Sussman Norman
Department of Psychiatry, New York University School of Medicine, New York, N.Y, USA.
Prim Care Companion J Clin Psychiatry. 2007;9(5):331-7. doi: 10.4088/pcc.v09n0501.
The purpose of this review is to summarize lessons learned from, and limitations of, the Sequenced Treatment Alternatives to Relieve Depression (STAR*D) trial, focusing on measurement-based care.
PubMed and MEDLINE were searched from 1980 through 2006 using terms such as depression, major depressive disorder, augmentation, switching, measurement-based care, and remission.
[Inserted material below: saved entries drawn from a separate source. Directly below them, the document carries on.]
lemma cube_eq_of_cyc_diff_eq:
  assumes "i \<in> cube n N" "i' \<in> cube n N" "j \<in> {1..n}" "i j = i' j"
    and "\<And>k. k \<in> {1..n} \<Longrightarrow> cyc_diff n (int \<circ> i) k = cyc_diff n (int \<circ> i') k"
  shows "i = i'"
proof -
  have "int (i (cyc_pred n k)) - int (i' (cyc_pred n k)) = int (i k) - int (i' k)"
    if "k \<in> {1..n}" for k
    using assms(5)[OF that] unfolding cyc_diff_def comp_apply by linarith
  then have "int (i k) - int (i' k) = int (i j) - int (i' j)" if "k \<in> {1..n}" for k
    using cyc_pred_invariant_const[where f = "\<lambda>k. int (i k) - int (i' k)", OF _ that assms(3)]
    by simp
  then have "i k = i' k" if "k \<in> {1..n}" for k
    using that assms(4) by simp
  then show ?thesis
    using cube_eq_iff[OF assms(1,2)] by blast
qed

definition join :: "nat \<Rightarrow> nat \<Rightarrow> (nat \<Rightarrow> nat) \<Rightarrow> (nat \<Rightarrow> nat) \<Rightarrow> nat \<Rightarrow> nat" where
  "join n k t g = (\<lambda>j\<in>{1..n}. k * (g j - 1) + t j)"

definition low_digits :: "nat \<Rightarrow> nat \<Rightarrow> (nat \<Rightarrow> nat) \<Rightarrow> nat \<Rightarrow> nat" where
  "low_digits n k i = (\<lambda>j\<in>{1..n}. (i j - 1) mod k + 1)"

definition high_digits :: "nat \<Rightarrow> nat \<Rightarrow> (nat \<Rightarrow> nat) \<Rightarrow> nat \<Rightarrow> nat" where
  "high_digits n k i = (\<lambda>j\<in>{1..n}. (i j - 1) div k + 1)"

lemma join_in_cube:
  assumes t: "t \<in> cube n k" and g: "g \<in> cube n N"
  shows "join n k t g \<in> cube n (k * N)"
proof -
  have "k * (g j - 1) + t j \<in> {1..k * N}" if "j \<in> {1..n}" for j
  proof -
    have "k * (g j - 1) + t j \<le> k * (N - 1) + k"
      using cube_mem[OF t that] cube_mem[OF g that] by (intro add_mono mult_left_mono) auto
    also have "\<dots> = k * N"
      using cube_mem[OF g that] by (cases N) (auto simp: algebra_simps)
    finally show ?thesis
      using cube_mem[OF t that] by simp
  qed
  then show ?thesis
    by (simp add: join_def cube_def)
qed

lemma digits_in_cube:
  assumes k: "0 < k" and i: "i \<in> cube n (k * N)"
  shows "low_digits n k i \<in> cube n k" and "high_digits n k i \<in> cube n N"
proof -
  show "low_digits n k i \<in> cube n k"
    using k by (auto simp: low_digits_def cube_def Suc_le_eq)
  have "(i j - 1) div k < N" if "j \<in> {1..n}" for j
    using cube_mem[OF i that] by (intro less_mult_imp_div_less) (auto simp: mult.commute)
  then show "high_digits n k i \<in> cube n N"
    by (auto simp: high_digits_def cube_def Suc_le_eq)
qed

lemma digits_join:
  assumes k: "0 < k" and t: "t \<in> cube n k" and g: "g \<in> cube n N"
  shows "low_digits n k (join n k t g) = t" and "high_digits n k (join n k t g) = g"
proof -
  have digits: "(k * (c - 1) + a - 1) mod k + 1 = a \<and> (k * (c - 1) + a - 1) div k + 1 = c"
    if "a \<in> {1..k}" "c \<in> {1..N}" for a c
  proof -
    define a' c' where "a' = a - 1" and "c' = c - 1"
    then have "a = Suc a'" "c = Suc c'" "a' < k"
      using that by auto
    with k show ?thesis
      by simp
  qed
  show "low_digits n k (join n k t g) = t"
    unfolding low_digits_def using digits cube_mem[OF t] cube_mem[OF g]
    by (intro restrict_eq_cube[OF t]) (simp add: join_def)
  show "high_digits n k (join n k t g) = g"
    unfolding high_digits_def using digits cube_mem[OF t] cube_mem[OF g]
    by (intro restrict_eq_cube[OF g]) (simp add: join_def)
qed

lemma join_digits:
  assumes i: "i \<in> cube n (k * N)"
  shows "join n k (low_digits n k i) (high_digits n k i) = i"
  unfolding join_def
proof (rule restrict_eq_cube[OF i])
  fix j assume j: "j \<in> {1..n}"
  have "k * ((i j - 1) div k) + ((i j - 1) mod k + 1) = i j"
    using cube_mem[OF i j] div_mult_mod_eq[of "i j - 1" k] by (simp add: mult.commute)
  then show "k * (high_digits n k i j - 1) + low_digits n k i j = i j"
    using j by (simp only: low_digits_def high_digits_def restrict_apply' add_diff_cancel_right')
qed

lemma bij_betw_join:
  assumes "0 < k"
  shows "bij_betw (\<lambda>(t, g). join n k t g) (cube n k \<times> cube n N) (cube n (k * N))"
  by (rule bij_betw_byWitness[where f' = "\<lambda>i. (low_digits n k i, high_digits n k i)"])
    (use assms in \<open>auto simp: digits_join join_digits digits_in_cube join_in_cube\<close>)

lemma E_blk_join:
  assumes t: "t \<in> cube n k" and g: "g \<in> cube n N" and "B b \<subseteq> {1..n}"
  shows "E_blk n B (join n k t g) b = int k * E_blk n B g b + E_blk n B t b"
proof -
  have "E_blk n B (join n k t g) b = block_diff n B (\<lambda>j. int k * (int (g j) - 1) + int (t j)) b"
    unfolding E_blk_eq_block_diff using assms(3) cube_mem[OF g]
    by (intro block_diff_cong) (auto simp: join_def of_nat_diff)
  then show ?thesis
    by (simp add: E_blk_eq_block_diff block_diff_add block_diff_cmult block_diff_diff
        block_diff_const comp_def)
qed

definition translate :: "nat \<Rightarrow> (nat \<Rightarrow> int) \<Rightarrow> (nat \<Rightarrow> nat) \<Rightarrow> nat \<Rightarrow> nat" where
  "translate n v i = (\<lambda>j\<in>{1..n}. nat (int (i j) + v j))"

lemma E_blk_translate:
  assumes "B b \<subseteq> {1..n}" and "\<And>j. j \<in> {1..n} \<Longrightarrow> 0 \<le> int (i j) + v j"
  shows "E_blk n B (translate n v i) b = E_blk n B i b + block_diff n B v b"
proof -
  have "E_blk n B (translate n v i) b = block_diff n B (\<lambda>j. int (i j) + v j) b"
    unfolding E_blk_eq_block_diff using assms by (intro block_diff_cong) (auto simp: translate_def)
  then show ?thesis
    by (simp add: block_diff_add E_blk_eq_block_diff comp_def)
qed

definition shift_mod :: "nat \<Rightarrow> nat \<Rightarrow> (nat \<Rightarrow> int) \<Rightarrow> (nat \<Rightarrow> nat) \<Rightarrow> nat \<Rightarrow> nat" where
  "shift_mod n k v t = (\<lambda>j\<in>{1..n}. nat ((int (t j) - 1 + v j) mod int k) + 1)"

lemma shift_mod_in_cube:
  assumes "0 < k"
  shows "shift_mod n k v t \<in> cube n k"
proof -
  have "nat (x mod int k) < k" for x
    using assms by (simp add: nat_less_iff)
  then show ?thesis
    by (auto simp: shift_mod_def cube_def Suc_le_eq)
qed

lemma inj_on_shift_mod:
  assumes k: "0 < k"
  shows "inj_on (shift_mod n k v) (cube n k)"
proof (rule inj_onI)
  fix t t' assume t: "t \<in> cube n k" and t': "t' \<in> cube n k" and eq: "shift_mod n k v t = shift_mod n k v t'"
  have "t j = t' j" if j: "j \<in> {1..n}" for j
  proof -
    have "(int (t j) - 1 + v j) mod int k = (int (t' j) - 1 + v j) mod int k"
      using fun_cong[OF eq, of j] j k by (simp add: shift_mod_def eq_nat_nat_iff)
    then have "(int (t j) - 1) mod int k = (int (t' j) - 1) mod int k"
      by (metis add_diff_cancel_right' mod_diff_left_eq)
    moreover have "t j \<in> {1..k}" "t' j \<in> {1..k}"
      using cube_mem[OF t j] cube_mem[OF t' j] .
    ultimately show ?thesis
      by (simp add: of_nat_diff)
  qed
  then show "t = t'"
    using cube_eq_iff[OF t t'] by blast
qed

lemma E_blk_shift_mod:
  assumes k: "0 < k" and "B b \<subseteq> {1..n}"
  shows "E_blk n B (shift_mod n k v t) b mod int k = (E_blk n B t b + block_diff n B v b) mod int k"
proof -
  define q where "q j = (int (t j) - 1 + v j) div int k" for j
  have "E_blk n B (shift_mod n k v t) b = block_diff n B (\<lambda>j. int (t j) + v j - int k * q j) b"
    unfolding E_blk_eq_block_diff using assms(2)
  proof (rule block_diff_cong)
    fix j assume "j \<in> {1..n}"
    then have "int (shift_mod n k v t j) = (int (t j) - 1 + v j) mod int k + 1"
      using k by (simp add: shift_mod_def)
    then show "(int \<circ> shift_mod n k v t) j = int (t j) + v j - int k * q j"
      unfolding q_def by (simp add: mod_div_mult_eq[symmetric] algebra_simps)
  qed
  also have "\<dots> = E_blk n B t b + block_diff n B v b - int k * block_diff n B q b"
    by (simp add: block_diff_add block_diff_diff block_diff_cmult E_blk_eq_block_diff comp_def)
  finally show ?thesis
    by (simp add: mod_diff_right_eq[symmetric])
qed

section \<open>Partitions and block sums\<close>

locale block_partition =
  fixes n r :: nat and B :: "nat \<Rightarrow> nat set"
  assumes partition: "is_partition n r B" and n_pos: "1 \<le> n"
begin

lemma block_nonempty: "b \<in> {1..r} \<Longrightarrow> B b \<noteq> {}"
  using partition by (auto simp: is_partition_def)

lemma blocks_disjoint: "b \<in> {1..r} \<Longrightarrow> c \<in> {1..r} \<Longrightarrow> b \<noteq> c \<Longrightarrow> B b \<inter> B c = {}"
  using partition by (auto simp: is_partition_def)

lemma Union_blocks: "(\<Union>b\<in>{1..r}. B b) = {1..n}"
  using partition by (auto simp: is_partition_def)

lemma block_subset: "b \<in> {1..r} \<Longrightarrow> B b \<subseteq> {1..n}"
  using Union_blocks by auto

lemma finite_block: "b \<in> {1..r} \<Longrightarrow> finite (B b)"
  using block_subset finite_subset by blast

definition rep :: "nat \<Rightarrow> nat" where
  "rep b = (SOME k. k \<in> B b)"

lemma rep_in_block: "b \<in> {1..r} \<Longrightarrow> rep b \<in> B b"
  unfolding rep_def using block_nonempty by (simp add: some_in_eq)

lemma rep_in_block_iff: "b \<in> {1..r} \<Longrightarrow> c \<in> {1..r} \<Longrightarrow> rep c \<in> B b \<longleftrightarrow> c = b"
  using rep_in_block blocks_disjoint by blast

lemma rep_in_range: "b \<in> {1..r} \<Longrightarrow> rep b \<in> {1..n}"
  using rep_in_block block_subset by blast

lemma inj_on_rep: "inj_on rep {1..r}"
  by (rule inj_onI) (metis rep_in_block rep_in_block_iff)

lemma card_reps: "card (rep ` {1..r}) = r"
  using card_image[OF inj_on_rep] by simp

lemma card_non_reps: "card ({1..n} - rep ` {1..r}) = n - r"
proof -
  have "card ({1..n} - rep ` {1..r}) = card {1..n} - card (rep ` {1..r})"
    using rep_in_range by (intro card_Diff_subset) auto
  then show ?thesis
    unfolding card_reps by simp
qed

lemma r_le_n: "r \<le> n"
proof -
  have "card (rep ` {1..r}) \<le> card {1..n}"
    using rep_in_range by (intro card_mono) auto
  then show ?thesis
    unfolding card_reps by simp
qed

lemma r_pos: "1 \<le> r"
  using Union_blocks n_pos by (cases r) auto

lemma sum_block_diff_eq_0: "(\<Sum>b=1..r. block_diff n B x b) = 0"
proof -
  have "(\<Sum>b=1..r. block_diff n B x b) = (\<Sum>k\<in>(\<Union>b\<in>{1..r}. B b). cyc_diff n x k)"
    unfolding block_diff_def
    by (rule sum.UNION_disjoint[symmetric]) (use finite_block blocks_disjoint in auto)
  also have "\<dots> = 0"
    unfolding Union_blocks by (rule sum_cyc_diff_eq_0)
  finally show ?thesis .
qed

text \<open>Minus the partial sums of \<open>w\<close> along the representatives: the cyclic differences of this
  vector are \<open>w b\<close> at \<open>rep b\<close> and vanish elsewhere, which makes \<open>w\<close> its vector of block sums.\<close>
definition rep_partial_sum :: "(nat \<Rightarrow> int) \<Rightarrow> nat \<Rightarrow> int" where
  "rep_partial_sum w k = - (\<Sum>c=1..r. if rep c \<le> k then w c else 0)"

lemma abs_rep_partial_sum_le: "\<bar>rep_partial_sum w k\<bar> \<le> (\<Sum>b=1..r. \<bar>w b\<bar>)"
proof -
  have "\<bar>rep_partial_sum w k\<bar> \<le> (\<Sum>c=1..r. \<bar>if rep c \<le> k then w c else 0\<bar>)"
    unfolding rep_partial_sum_def abs_minus_cancel by (rule sum_abs)
  also have "\<dots> \<le> (\<Sum>b=1..r. \<bar>w b\<bar>)"
    by (rule sum_mono) auto
  finally show ?thesis .
qed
Other relevant articles were identified by checking reference lists of the identified studies.
A total of 60 studies were initially identified, which resulted in 34 studies used in this review. The salient criteria used for selection of studies centered on whether results had implications for clinical practice and provided lessons that could be learned and practically applied to real-life settings.
Data were extracted from the STAR*D trial and associated studies that were pertinent to everyday problems encountered by mental health professionals in the community: determination of whether the optimum strategy for a particular patient involves "augmentation" or "switching" of a patient's medication.
Measurement-based care is essential in order to identify the two thirds of patients who do not achieve remission with the first treatment strategy. Timely changes in antidepressant therapy can improve outcomes.
The STAR*D trial underscores the importance of measurement-based care in identifying patients who may not have achieved remission with an initial antidepressant, enabling alternative options such as augmentation or switching to be prescribed to meet this ultimate goal of therapy.
本综述旨在总结从缓解抑郁的序贯治疗方案(STAR*D)试验中吸取的经验教训及其局限性,重点关注基于测量的治疗。
使用“抑郁”“重度抑郁症”“增效治疗”“换药”“基于测量的治疗”和“缓解”等术语,在1980年至2006年期间检索了PubMed和MEDLINE数据库。通过查阅已确定研究的参考文献列表,确定了其他相关文章。
最初共确定了60项研究,本综述纳入了其中34项研究。选择研究的主要标准集中在研究结果是否对临床实践有影响,以及是否提供了可吸取并实际应用于现实环境的经验教训。
从STAR*D试验及相关研究中提取数据,这些数据与社区心理健康专业人员遇到的日常问题相关:确定特定患者的最佳策略是“增效”还是“换药”。
为了识别三分之二未通过第一种治疗策略实现缓解的患者,基于测量的治疗至关重要。及时改变抗抑郁治疗可改善治疗结果。
STAR*D试验强调了基于测量的治疗在识别可能未通过初始抗抑郁药实现缓解的患者方面的重要性,从而能够开出增效或换药等替代方案,以实现治疗的最终目标。